Bug 1794304

Summary: correctly configured VM fails on start with error: CPU IDs in <numa> exceed the <vcpu> count.
Product: [oVirt] ovirt-engine Reporter: Polina <pagranat>
Component: BLL.VirtAssignee: Michal Skrivanek <michal.skrivanek>
Status: CLOSED DUPLICATE QA Contact: meital avital <mavital>
Severity: high Docs Contact:
Priority: unspecified    
Version: 4.4.0CC: bugs, rbarry
Target Milestone: ---   
Target Release: ---   
Hardware: x86_64   
OS: Linux   
Whiteboard:
Fixed In Version: Doc Type: If docs needed, set a value
Doc Text:
Story Points: ---
Clone Of: Environment:
Last Closed: 2020-01-23 16:01:11 UTC Type: Bug
Regression: --- Mount Type: ---
Documentation: --- CRM:
Verified Versions: Category: ---
oVirt Team: SLA RHEL 7.3 requirements from Atomic Host:
Cloudforms Team: --- Target Upstream Version:
Embargoed:
Bug Depends On:    
Bug Blocks: 1437559    
Attachments:
Description Flags
logs none

Description Polina 2020-01-23 08:55:48 UTC
Created attachment 1654785 [details]
logs

Description of problem: Vm fails on start with ERROR: EVENT_ID: VM_DOWN_ERROR(119), VM vm is down with error. Exit message: internal error: CPU IDs in <numa> exceed the <vcpu> count.

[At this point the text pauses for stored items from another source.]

(* Let $\Omega\subseteq\mathbb{R}^n$ be open. (i) The set $\mathbb{G}(\Omega)$ of all D-continuous interval functions on $\Omega$ is order complete with respect to $\le$ (every subset has a supremum and an infimum in $\mathbb{G}(\Omega)$). (ii) Each of the following sets is Dedekind order complete with respect to $\le$: the set $\mathbb{G}_{bd}(\Omega)$ of all bounded D-continuous interval functions; the set $\mathbb{G}_{ft}(\Omega)$ of all finite D-continuous interval functions; the set $\mathbb{G}_{nf}(\Omega)$ of all nearly finite D-continuous interval functions.
   Context: $\overline{\mathbb{R}}=\mathbb{R}\cup\{\pm\infty\}$, $\mathbb{I}\overline{\mathbb{R}}$ is the set of closed intervals $[\underline a,\overline a]$ with $\underline a\le\overline a$ in $\overline{\mathbb{R}}$, $a\in\overline{\mathbb{R}}$ identified with $[a,a]$. $\mathbb{A}(X)$ is the set of functions $X\to\mathbb{I}\overline{\mathbb{R}}$. Order: $[\underline a,\overline a]\le[\underline b,\overline b]$ iff $\underline a\le\underline b$ and $\overline a\le\overline b$; $f\le g$ iff $f(x)\le g(x)$ for all $x$. $B_\delta(x)=\{y\in\Omega:\|x-y\|<\delta\}$. For dense $D\subseteq\Omega$ and $f\in\mathbb{A}(D)$: $I(D,\Omega,f)(x)=\sup_{\delta>0}\inf\{z\in f(y):y\in B_\delta(x)\cap D\}$, $S(D,\Omega,f)(x)=\inf_{\delta>0}\sup\{z\in f(y):y\in B_\delta(x)\cap D\}$, $F(D,\Omega,f)(x)=[I(D,\Omega,f)(x),S(D,\Omega,f)(x)]$. $f\in\mathbb{A}(\Omega)$ is D-continuous if $F(D,\Omega,f)=f$ for every dense $D\subseteq\Omega$. $f$ is bounded if there is $M\in\mathbb{R}$ with $f(x)\subseteq[-M,M]$ for all $x$; finite if $f(x)$ is a finite interval (both endpoints in $\mathbb{R}$) for all $x\in\Omega$; nearly finite if there is an open dense $D\subseteq\Omega$ with $f(x)$ finite for all $x\in D$. A poset is Dedekind order complete if every nonempty subset bounded above has a supremum in it and every nonempty subset bounded below has an infimum in it. *)

theory Defs
  imports "HOL-Analysis.Analysis"
begin

text \<open>An extended-real interval [lo, hi] is a pair (lo, hi) with lo \<le> hi.
  An interval function on X is a function into such pairs; outside X it is
  fixed to be undefined (extensional), so that the pointwise order on X is
  antisymmetric.\<close>

type_synonym ivl = "ereal \<times> ereal"

definition ivl_funs :: "'a set \<Rightarrow> ('a \<Rightarrow> ivl) set" where
  "ivl_funs X = {f. (\<forall>x\<in>X. fst (f x) \<le> snd (f x)) \<and> (\<forall>x. x \<notin> X \<longrightarrow> f x = undefined)}"

definition ivl_le :: "'a set \<Rightarrow> ('a \<Rightarrow> ivl) \<Rightarrow> ('a \<Rightarrow> ivl) \<Rightarrow> bool" where
  "ivl_le X f g \<longleftrightarrow> (\<forall>x\<in>X. fst (f x) \<le> fst (g x) \<and> snd (f x) \<le> snd (g x))"

definition Bdelta :: "('a::metric_space) set \<Rightarrow> real \<Rightarrow> 'a \<Rightarrow> 'a set" where
  "Bdelta \<Omega> \<delta> x = {y \<in> \<Omega>. dist x y < \<delta>}"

Version-Release number of selected component (if applicable):
http://bob-dr.lab.eng.brq.redhat.com/builds/4.4/rhv-4.4.0-14

How reproducible:100%


Steps to Reproduce:
1.Configure the VM with 5CPUs (5 Virtual Sockets, 1 Cores per Virtual Socket, 1 Threads per Core) and 2 numa nodes. Start. Check engine log correct numa configuration
     <numa>
      <cell id='0' cpus='0-7,16-71' memory='524288' unit='KiB'/>
      <cell id='1' cpus='8-15,72-127' memory='524288' unit='KiB'/>
    </numa>


2. Reconfigure the VM to have 16 CPUs(2 Virtual Sockets, 2Cores per Virtual Socket, 4 Threads per Core). Leave Numa node 2. Restart the VM .

Actual results:the VM fails on startup with ERROR: EVENT_ID: VM_DOWN_ERROR(119), VM vm is down with error. Exit message: internal error: CPU IDs in <numa> exceed the <vcpu> count.
in engine.log
    ...
    <cpu match="exact">
    <model>Westmere</model>
    <topology cores="2" threads="4" sockets="16"/>
    <numa>
      <cell id="1" cpus="3-4,16-77" memory="524288"/>
      <cell id="0" cpus="0-2,78-138" memory="524288"/>
    </numa>
    </cpu>
    ...

Expected results: VM starts
xml contains :
    <numa>
      <cell id='0' cpus='0-7,16-71' memory='524288' unit='KiB'/>
      <cell id='1' cpus='8-15,72-127' memory='524288' unit='KiB'/>
    </numa>

Additional info: 
In the attached logs
2020-01-23 10:07:07,864+02 ERROR [org.ovirt.engine.core.dal.dbbroker.auditloghandling.AuditLogDirector] (ForkJoinPool-1-worker-9) [2b14e989] EVENT_ID: VM_DOWN_ERROR(119), VM vm is down with error. Exit message: internal error: CPU IDs in <numa> exceed the <vcpu> count.

Comment 1 Michal Skrivanek 2020-01-23 09:01:54 UTC
when you change topology the numa assignemnt/reservation is not necessarily valid anymore. it should be probably dropped and recreated on any such change

Comment 2 Ryan Barry 2020-01-23 16:01:11 UTC
This is part of testing rhbz#1437559, not a blocker. Closing. Let's resolve it there.

*** This bug has been marked as a duplicate of bug 1437559 ***